Using disposable pipette tips, a pipette head assembly has to aspirate and release samples and reagents which are often highly valuable. A standard pipette head typically comprises one or more pipette barrels and associated plungers to achieve plunger driven air displacement pipetting within a specified pipette volume range. Aspiration and release may be performed according to protocols operated by programming the dedicated microcomputer. In order to run different protocols using different volume ranges, different pipette heads may need to be used in the pipette head assembly. Technical personnel using automated liquid handling devices must therefore select the correct pipette head for a given protocol run on the device. To switch between pipetting ranges, devices frequently offer a set of interchangeable pipette heads. Because the samples and reagents are valuable and in order to avoid damage to the apparatus, it is known to provide devices with systems to recognise the identity of the currently attached pipette head. Typically, these systems are complex and involve electronic parts situated in the pipette head. An example of such an arrangement is found in U.S. Pat. No. 5,139,744. According to this arrangement, a system for module identification in a liquid handling device is provided in which each module has a passive electronic identification means such as a microprocessor readable code stored by non-volatile passive means which is provided to a microprocessor along an intelligence pathway.

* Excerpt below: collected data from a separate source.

lemma half_square_mult_exp_le:
  fixes d :: real
  assumes "0 \<le> d"
  shows "(d / 2)\<^sup>2 * exp (d / 2 / (3 + d)) * (11/10) \<le> (3 + d)\<^sup>2 / 2"
proof -
  have "exp (d / 2 / (3 + d)) \<le> exp (1/2)" using assms by (simp add: field_simps)
  then have "exp (d / 2 / (3 + d)) \<le> 165/100" using exp_half_less by linarith
  then have "(d / 2)\<^sup>2 * exp (d / 2 / (3 + d)) * (11/10) \<le> (d / 2)\<^sup>2 * (165/100) * (11/10)"
    by (intro mult_right_mono mult_left_mono) auto
  also have "\<dots> \<le> (3 + d)\<^sup>2 / 2" using assms by (simp add: power2_eq_square field_simps)
  finally show ?thesis .
qed

text \<open>With \<open>L = d/2\<close> and \<open>b = 2/L\<close>, the bound \<open>g\<^sup>2 \<le> (L/e)\<^sup>2 exp (b g)\<close> reduces the integrand to
  a multiple of \<open>exp (\<theta> g)\<close> with \<open>\<theta> = b + 1/a \<le> 1\<close>, and convexity of \<open>exp\<close> between \<open>0\<close> and
  \<open>g - L\<close> turns this into an affine function of \<open>exp g\<close>.\<close>
lemma nn_integral_square_exp_le_high_dim:
  fixes g :: "'a \<Rightarrow> real" and d :: nat
  assumes P: "prob_space M" and gm: "g \<in> borel_measurable M" and g0: "\<And>x. 0 \<le> g x"
    and d: "5 \<le> d"
    and Z: "(\<integral>\<^sup>+x. ennreal (exp (g x)) \<partial>M) \<le> ennreal (11/10 * exp (real d / 2))"
  shows "(\<integral>\<^sup>+x. ennreal ((g x)\<^sup>2 * exp (g x / (3 + real d))) \<partial>M) \<le> ennreal ((3 + real d)\<^sup>2 / 2)"
proof -
  define a where "a = 3 + real d"
  define L where "L = real d / 2"
  define b where "b = 2 / L"
  define \<theta> where "\<theta> = b + 1 / a"
  have L: "5/2 \<le> L" using d by (simp add: L_def)
  have \<theta>: "0 \<le> \<theta>" "\<theta> \<le> 1"
  proof -
    have "b \<le> 4/5" "0 < b" using L by (auto simp: b_def field_simps)
    moreover have "1 / a \<le> 1/8" "0 < 1 / a" using d by (auto simp: a_def field_simps)
    ultimately show "0 \<le> \<theta>" "\<theta> \<le> 1" unfolding \<theta>_def by linarith+
  qed
  define C where "C = (2 / (b * exp (1::real)))\<^sup>2"
  have C: "C = (L / exp 1)\<^sup>2" using L by (simp add: C_def b_def field_simps)
  define C1 where "C1 = C * exp (\<theta> * L) * (1 - \<theta>)"
  define C2 where "C2 = C * exp (\<theta> * L) * \<theta> / exp L"
  have pointwise: "(g x)\<^sup>2 * exp (g x / a) \<le> C1 + C2 * exp (g x)" for x
  proof -
    have "(g x)\<^sup>2 * exp (g x / a) \<le> C * exp (b * g x) * exp (g x / a)"
      using square_le_exp_mult[OF g0[of x], of b] L by (intro mult_right_mono) (auto simp: C_def b_def)
    also have "\<dots> = C * (exp (\<theta> * L) * exp ((1 - \<theta>) * 0 + \<theta> * (g x - L)))"
      by (simp add: \<theta>_def exp_add[symmetric] algebra_simps)
    also have "\<dots> \<le> C * (exp (\<theta> * L) * ((1 - \<theta>) * exp 0 + \<theta> * exp (g x - L)))"
      using convex_onD[OF exp_convex, of \<theta> 0 "g x - L"] \<theta> by (intro mult_left_mono) (auto simp: C_def)
    also have "\<dots> = C1 + C2 * exp (g x)" by (simp add: C1_def C2_def exp_diff field_simps)
    finally show ?thesis .
  qed
  have "(\<integral>\<^sup>+x. ennreal ((g x)\<^sup>2 * exp (g x / a)) \<partial>M) \<le> ennreal (C1 + C2 * (11/10 * exp (real d / 2)))"
    by (rule nn_integral_le_affine_exp_bound[OF P gm pointwise _ _ Z]) (use \<theta> in \<open>auto simp: C1_def C2_def C_def\<close>)
  also have "\<dots> \<le> ennreal (a\<^sup>2 / 2)"
  proof (intro ennreal_leI)
    have "C1 + C2 * (11/10 * exp (real d / 2)) = C * exp (\<theta> * L) * (1 + \<theta> / 10)"
      by (simp add: C1_def C2_def L_def field_simps)
    also have "\<dots> \<le> C * exp (\<theta> * L) * (11/10)" using \<theta> by (intro mult_left_mono) (auto simp: C_def)
    also have "\<theta> * L = 2 + L / a" using L by (simp add: \<theta>_def b_def field_simps)
    also have "C * exp (2 + L / a) * (11/10) = L\<^sup>2 * exp (L / a) * (11/10)"
    proof -
      have "exp (2::real) = exp 1 * exp 1" by (simp flip: exp_add)
      then show ?thesis by (simp add: C exp_add power2_eq_square field_simps)
    qed
    also have "\<dots> \<le> a\<^sup>2 / 2" unfolding a_def L_def by (rule half_square_mult_exp_le) simp
    finally show "C1 + C2 * (11/10 * exp (real d / 2)) \<le> a\<^sup>2 / 2" .
  qed
  finally show ?thesis by (simp add: a_def)
qed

Complex apparatus of this type is expensive and increasing levels of complexity potentially increase the likelihood of failure.

The present invention addresses the problem of providing a pipette head recognition system.

In a first aspect, the present invention provides a pipette head assembly for use in an automated liquid handling device, which assembly comprises a pipette head holder for mounting in the device and a pipette head for locating in the holder, which comprises one or more pipette barrels and associated plungers, wherein the pipette head further comprises a shaped member, the configuration of which uniquely identifies the pipette head, and the holder includes an array of sensors positioned to cooperate with the shaped member when the pipette head is located in the holder so as to detect the configuration of the shaped member for identification of the pipette head by the device.

According to the present invention, the need for a complex and expensive pipette recognition system is avoided. Instead, a simple, inexpensive recognition system is provided which does not require electronics in the pipette head.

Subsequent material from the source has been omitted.